Mother Vincent timed him with her fob watch, appearing sporadically at the open door, either withdrawing satisfied or advancing enraged. He dreaded her coming
, the hard heels cracking across the empty room, a hail of hammer blows to his heart.
“Not good enough, Eighty-Six! I told you five minutes exactly per section.” Her words struck the walls like rifle shots, and made the floor beneath him sway.
He knelt before her with his face upraised, his swollen hands crossed in a penitential pose: Saint Francis Beholding the Afflicted.
“S-sorry, Sister,” he stammered.
“How old are you now, Eighty-Six?”
He did not know his age, but knew that such an admission would earn him a ringing slap; maybe just one, maybe several, depending on how Mother Vincent felt. He thought hard. He remembered the time he’d entered the refectory, 7.30 P.M. He shifted his knees on the soggy cloth, kept looking up, seeking out her face so as not to linger at the tooled leather belt that swung at her waist, the cane in her hand.

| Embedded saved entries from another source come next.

(* Let $G=(V_G,E_G)$ be a graph with $N$ vertices such that $\frac{\mathcal{E}(N)}{N}\ge\frac{\mathcal{E}(n)}{n}$ for all $0<n<N$, let $g\ge0$ and $H$ the transverse-field Ising Hamiltonian on $G$. Then $\min_{0\le n<N}\frac{\mathcal{E}(N)-\mathcal{E}(n)}{N-n}=\frac{\mathcal{E}(N)}{N}$, and $$\min_{|\varphi\rangle\text{ stabilizer state}}\langle\varphi|H|\varphi\rangle=\begin{cases}-\mathcal{E}(N)&\text{if } g\le \mathcal{E}(N)/N,\\ -gN&\text{if } g\ge \mathcal{E}(N)/N.\end{cases}$$
   Context: A graph $G=(V_G,E_G)$ is finite, simple and undirected, with $V_G=\{q_0,\dots,q_{N-1}\}$, vertex $q_i$ corresponding to qubit $i$. For $S\subseteq V_G$, $E(S)$ is the set of edges with both endpoints in $S$. The edge-function is $\mathcal{E}(n)=\max\{|E(S)|: S\subseteq V_G,\ |S|\le n\}$ (so $\mathcal{E}(N)=|E_G|$). The transverse-field Ising Hamiltonian on $G$ is $H=-\sum_{\langle q_i,q_j\rangle\in E_G}Z_iZ_j-g\sum_{q_i\in V_G}X_i$; stabilizer states are $N$-qubit states whose stabilizer group consists of $2^N$ Pauli-group elements. *)

theory Defs
  imports "Jordan_Normal_Form.Matrix"
begin

text \<open>Graphs: vertex set {0..<N} (vertex q_i = qubit i); edges are 2-element subsets.\<close>
definition simple_graph :: "nat \<Rightarrow> nat set set \<Rightarrow> bool" where
  "simple_graph N E \<longleftrightarrow> (\<forall>e\<in>E. e \<subseteq> {0..<N} \<and> card e = 2)"

definition edges_in :: "nat set set \<Rightarrow> nat set \<Rightarrow> nat set set" where
  "edges_in E S = {e \<in> E. e \<subseteq> S}"

definition edge_fun :: "nat \<Rightarrow> nat set set \<Rightarrow> nat \<Rightarrow> nat" where
  "edge_fun N E n = Max {card (edges_in E S) | S. S \<subseteq> {0..<N} \<and> card S \<le> n}"

datatype pauli1 = PI | PX | PY | PZ

fun pauli1_entry :: "pauli1 \<Rightarrow> nat \<Rightarrow> nat \<Rightarrow> complex" where
  "pauli1_entry PI r c = (if r = c then 1 else 0)"
| "pauli1_entry PX r c = (if r \<noteq> c then 1 else 0)"
| "pauli1_entry PY r c = (if r = c then 0 else if r = 0 then - \<i> else \<i>)"
| "pauli1_entry PZ r c = (if r = c then (if r = 0 then 1 else -1) else 0)"

definition qbit :: "nat \<Rightarrow> nat \<Rightarrow> nat" where
  "qbit k i = k div 2 ^ i mod 2"

text \<open>Tensor product P_0 \<otimes> ... \<otimes> P_{N-1}, written out entrywise.\<close>
definition pauli_string :: "nat \<Rightarrow> (nat \<Rightarrow> pauli1) \<Rightarrow> complex mat" where
  "pauli_string N p = mat (2^N) (2^N)
     (\<lambda>(r, c). \<Prod>i<N. pauli1_entry (p i) (qbit r i) (qbit c i))"

definition pauli_group :: "nat \<Rightarrow> complex mat set" where
  "pauli_group N = {c \<cdot>\<^sub>m pauli_string N p | c p. c \<in> {1, -1, \<i>, -\<i>}}"

definition stab_group :: "nat \<Rightarrow> complex vec \<Rightarrow> complex mat set" where
  "stab_group N \<phi> = {P \<in> pauli_group N. P *\<^sub>v \<phi> = \<phi>}"

definition is_state :: "nat \<Rightarrow> complex vec \<Rightarrow> bool" where
  "is_state N \<phi> \<longleftrightarrow> \<phi> \<in> carrier_vec (2^N) \<and> \<phi> \<bullet>c \<phi> = 1"

definition stabilizer_state :: "nat \<Rightarrow> complex vec \<Rightarrow> bool" where
  "stabilizer_state N \<phi> \<longleftrightarrow> is_state N \<phi> \<and> card (stab_group N \<phi>) = 2 ^ N"

definition pauli_on :: "nat \<Rightarrow> nat set \<Rightarrow> pauli1 \<Rightarrow> complex mat" where
  "pauli_on N A P = pauli_string N (\<lambda>k. if k \<in> A then P else PI)"

definition ising_H :: "nat \<Rightarrow> nat set set \<Rightarrow> real \<Rightarrow> complex mat" where
  "ising_H N E g = mat (2^N) (2^N)
     (\<lambda>rc. - (\<Sum>e\<in>E. pauli_on N e PZ $$ rc)
           - complex_of_real g * (\<Sum>i<N. pauli_on N {i} PX $$ rc))"

definition expect :: "complex mat \<Rightarrow> complex vec \<Rightarrow> complex" where
  "expect H \<phi> = (H *\<^sub>v \<phi>) \<bullet>c \<phi>"

end

theory Submission
  imports Defs "HOL-Library.FuncSet"
begin

text \<open>
  The 4^N Pauli strings are orthogonal in the Hilbert-Schmidt inner product, which gives the
  sum rule: the squared moduli of the Pauli expectations of a state add up to 2^N. A stabilizer
  state saturates it with the 2^N Pauli strings it stabilizes up to a phase, so every other
  Pauli expectation vanishes, and each one lies in {0, 1, -1}. If the expectation of X_i is
  nonzero, the state is an eigenvector of X_i, which anticommutes with Z_i Z_j, forcing the
  expectation of Z_i Z_j to vanish. Hence, with A the set of the k sites where X_i has nonzero
  expectation, only edges avoiding A contribute, and the energy is at least -E(N - k) - g k.
  The density hypothesis bounds this from below by the energy -E(N) of |0...0> or the energy
  -g N of |+...+>, both of which are stabilizer states.
\<close>

lemma qbit_less_2: "qbit k i < 2"
  by (simp add: qbit_def)

lemma qbit_0: "qbit k 0 = k mod 2"
  by (simp add: qbit_def)

lemma qbit_Suc: "qbit k (Suc i) = qbit (k div 2) i"
  by (simp add: qbit_def div_mult2_eq)

lemma qbit_of_0 [simp]: "qbit 0 i = 0"
  by (simp add: qbit_def)

lemma eq_if_qbits_eq:
  assumes "r < 2^N" "c < 2^N" "\<forall>i<N. qbit r i = qbit c i"
  shows "r = c"
  using assms
proof (induction N arbitrary: r c)
  case 0
  then show ?case by simp
next
  case (Suc N)
  have "r div 2 = c div 2"
    using Suc.prems qbit_Suc by (intro Suc.IH) auto
  moreover have "r mod 2 = c mod 2"
    using Suc.prems(3) qbit_0 by (metis zero_less_Suc)
  ultimately show ?case by (metis div_mult_mod_eq)
qed

lemma sum_atLeastLessThan_double:
  fixes g :: "nat \<Rightarrow> 'a::comm_monoid_add"
  shows "(\<Sum>c\<in>{0..<2*M}. g c) = (\<Sum>c\<in>{0..<M}. g (2*c) + g (2*c+1))"
proof (induction M)
  case 0
  then show ?case by simp
next
  case (Suc M)
  have "{0..<2 * Suc M} = insert (2*M+1) (insert (2*M) {0..<2*M})" by auto
  then show ?case using Suc by (simp add: add_ac)
qed

lemma sum_prod_qbits:
  fixes f :: "nat \<Rightarrow> nat \<Rightarrow> 'a::comm_semiring_1"
  shows "(\<Sum>c\<in>{0..<2^N}. \<Prod>i<N. f i (qbit c i)) = (\<Prod>i<N. f i 0 + f i 1)"
proof (induction N arbitrary: f)
  case 0
  then show ?case by simp
next
  case (Suc N)
  have split: "(\<Prod>i<Suc N. f i (qbit c i))
      = f 0 (c mod 2) * (\<Prod>i<N. f (Suc i) (qbit (c div 2) i))" for c
    by (simp only: prod.lessThan_Suc_shift qbit_0 qbit_Suc)
  have "(\<Sum>c\<in>{0..<2^Suc N}. \<Prod>i<Suc N. f i (qbit c i))
      = (\<Sum>c\<in>{0..<2^N}. f 0 0 * (\<Prod>i<N. f (Suc i) (qbit c i))
                          + f 0 1 * (\<Prod>i<N. f (Suc i) (qbit c i)))"
    unfolding split by (simp add: sum_atLeastLessThan_double)
  also have "\<dots> = (f 0 0 + f 0 1) * (\<Sum>c\<in>{0..<2^N}. \<Prod>i<N. f (Suc i) (qbit c i))"
    by (simp add: sum.distrib sum_distrib_left distrib_right)
  also have "\<dots> = (\<Prod>i<Suc N. f i 0 + f i 1)"
    using Suc.IH[of "\<lambda>i. f (Suc i)"] by (simp only: prod.lessThan_Suc_shift)
  finally show ?case .
qed

lemma sum_sum_prod_qbits:
  fixes f :: "nat \<Rightarrow> nat \<Rightarrow> nat \<Rightarrow> 'a::comm_semiring_1"
  shows "(\<Sum>r\<in>{0..<2^N}. \<Sum>c\<in>{0..<2^N}. \<Prod>i<N. f i (qbit r i) (qbit c i))
     = (\<Prod>i<N. f i 0 0 + f i 0 1 + (f i 1 0 + f i 1 1))"
  by (simp only: sum_prod_qbits[of "\<lambda>i b. f i (qbit _ i) b"]
      sum_prod_qbits[of "\<lambda>i a. f i a 0 + f i a 1"])

lemma UNIV_pauli1: "(UNIV :: pauli1 set) = {PI, PX, PY, PZ}"
  using pauli1.exhaust by auto

lemma finite_UNIV_pauli1 [simp]: "finite (UNIV :: pauli1 set)"
  by (simp add: UNIV_pauli1)

text \<open>The multiplication table P Q = pauli1_phase P Q \<cdot> pauli1_mult P Q, e.g. X Y = i Z.\<close>

fun pauli1_phase :: "pauli1 \<Rightarrow> pauli1 \<Rightarrow> complex" where
  "pauli1_phase PX PY = \<i>" | "pauli1_phase PY PX = - \<i>"
| "pauli1_phase PY PZ = \<i>" | "pauli1_phase PZ PY = - \<i>"
| "pauli1_phase PZ PX = \<i>" | "pauli1_phase PX PZ = - \<i>"
| "pauli1_phase _ _ = 1"

fun pauli1_mult :: "pauli1 \<Rightarrow> pauli1 \<Rightarrow> pauli1" where
  "pauli1_mult PI Q = Q" | "pauli1_mult P PI = P"
| "pauli1_mult PX PX = PI" | "pauli1_mult PY PY = PI" | "pauli1_mult PZ PZ = PI"
| "pauli1_mult PX PY = PZ" | "pauli1_mult PY PX = PZ"
| "pauli1_mult PY PZ = PX" | "pauli1_mult PZ PY = PX"
| "pauli1_mult PZ PX = PY" | "pauli1_mult PX PZ = PY"

lemma pauli1_entry_mult:
  assumes "a < 2" "c < 2"
  shows "pauli1_entry P a 0 * pauli1_entry Q 0 c + pauli1_entry P a 1 * pauli1_entry Q 1 c
       = pauli1_phase P Q * pauli1_entry (pauli1_mult P Q) a c"
  using less_2_cases[OF assms(1)] less_2_cases[OF assms(2)]
  by (cases P; cases Q; auto)

lemma cnj_pauli1_entry: "a < 2 \<Longrightarrow> b < 2 \<Longrightarrow> cnj (pauli1_entry P a b) = pauli1_entry P b a"
  by (cases P) auto

lemma sum_pauli1_entry_cnj:
  assumes "a < 2" "b < 2" "a' < 2" "b' < 2"
  shows "(\<Sum>P\<in>UNIV. pauli1_entry P a b * cnj (pauli1_entry P a' b'))
       = (if a = a' \<and> b = b' then 2 else 0)"
  unfolding UNIV_pauli1
  using less_2_cases[OF assms(1)] less_2_cases[OF assms(2)]
    less_2_cases[OF assms(3)] less_2_cases[OF assms(4)]
  by (auto simp: complex_eq_iff)

lemma pauli1_hilbert_schmidt:
  "cnj (pauli1_entry P 0 0) * pauli1_entry Q 0 0 + cnj (pauli1_entry P 0 1) * pauli1_entry Q 0 1
   + (cnj (pauli1_entry P 1 0) * pauli1_entry Q 1 0 + cnj (pauli1_entry P 1 1) * pauli1_entry Q 1 1)
   = (if P = Q then 2 else 0)"
  by (cases P; cases Q) (auto simp: complex_eq_iff)

abbreviation pauli_labels :: "nat \<Rightarrow> (nat \<Rightarrow> pauli1) set" where
  "pauli_labels N \<equiv> {..<N} \<rightarrow>\<^sub>E (UNIV :: pauli1 set)"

“Seven and a half, Sister.”
“Quite,” she said, sneering at the inaccuracy of the guess. She’d noted him from the day he’d arrived on her step five years earlier, but why should she tell him his real age? These sons of whores deserved nothing.
“Do you see that clock down there?” and she pointed needlessly at the far wall. “That clock is there so you can time yourself. Now reverse three sections and start again.” She drove the last words down, bending low to level with him. The air vibrated with her anger. Fear crushed his throat. Her eyes locked with his.
“Remind me why you’re here, Eighty-six?”
“Because…’ He swallowed back the tears. “Because I’m bad and me mammy d-didn’t want me…and she put me h-here because…’
He stopped, terrified. Her unblinking eyes and doughy face made him think of hooded figures in the forest, death and buried bones, a headstone-crowded darkness.